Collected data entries
☆ ☆ ☆ ☆ ☆ ☆ ☆
lemma exists_avoiding_sequence:
  fixes F :: "bool list set" and t C :: real
  assumes "1 \<le> t" and "t < 2"
    and few_forbidden: "\<And>k. card {x \<in> F. length x = k} \<le> C * t ^ k"
    and C_small: "C \<le> (2 - t)\<^sup>2 / (2 * t * (t + 2))"
  shows "\<exists>\<omega>. \<forall>i j. map \<omega> [i..<j] \<notin> F"
proof -
  have "0 \<le> C" using few_forbidden[of 0] by (simp add: order.trans)
  have "(2 - t)\<^sup>2 \<le> 1" using assms(1,2) by (intro power_le_one) auto
  moreover have "2 * 1 * (1 + 2) \<le> 2 * t * (t + 2)" using assms(1) by (intro mult_mono) auto
  ultimately have "(2 - t)\<^sup>2 / (2 * t * (t + 2)) < 1" by (simp add: divide_less_eq_1)
  with C_small have "C < 1" by linarith
  have "[] \<notin> F"
  proof
    assume "[] \<in> F"
    then have "{x \<in> F. length x = 0} = {[]}" by auto
    with few_forbidden[of 0] \<open>C < 1\<close> show False by simp
  qed
  moreover have "1 \<le> (t + 2) / 2" using assms(1) by simp
  moreover note geometric_weights_bound[OF assms(1,2) \<open>0 \<le> C\<close> few_forbidden C_small]
  ultimately have "avoiding_words F n \<noteq> {}" for n by (rule avoiding_words_nonempty)
  then have "\<exists>w. length w = n \<and> avoids F w" for n by (auto simp: avoiding_words_def)
  moreover have "avoids F (v @ w) \<Longrightarrow> avoids F v" for v w
    using avoids_sublist by blast
  ultimately obtain \<omega> where \<omega>: "\<And>n. avoids F (map \<omega> [0..<n])"
    using prefix_closed_infinite_path by metis
  have "map \<omega> [i..<j] \<notin> F" for i j
  proof (cases "i \<le> j")
    case True
    then have "map \<omega> [0..<j] = map \<omega> [0..<i] @ map \<omega> [i..<j]"
      by (metis le0 map_append upt_add_eq_append le_add_diff_inverse)
    then show ?thesis using \<omega>[of j] by (auto simp: avoids_def)
  qed (simp add: \<open>[] \<notin> F\<close>)
  then show ?thesis by blast
qed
☆ ☆ ☆ ☆ ☆ ☆ ☆
**Your objective:**
Wherever "thesis" appears in a line of the entries, copy that line.

**The answer:**
    then show ?thesis using \<omega>[of j] by (auto simp: avoids_def)
  then show ?thesis by blast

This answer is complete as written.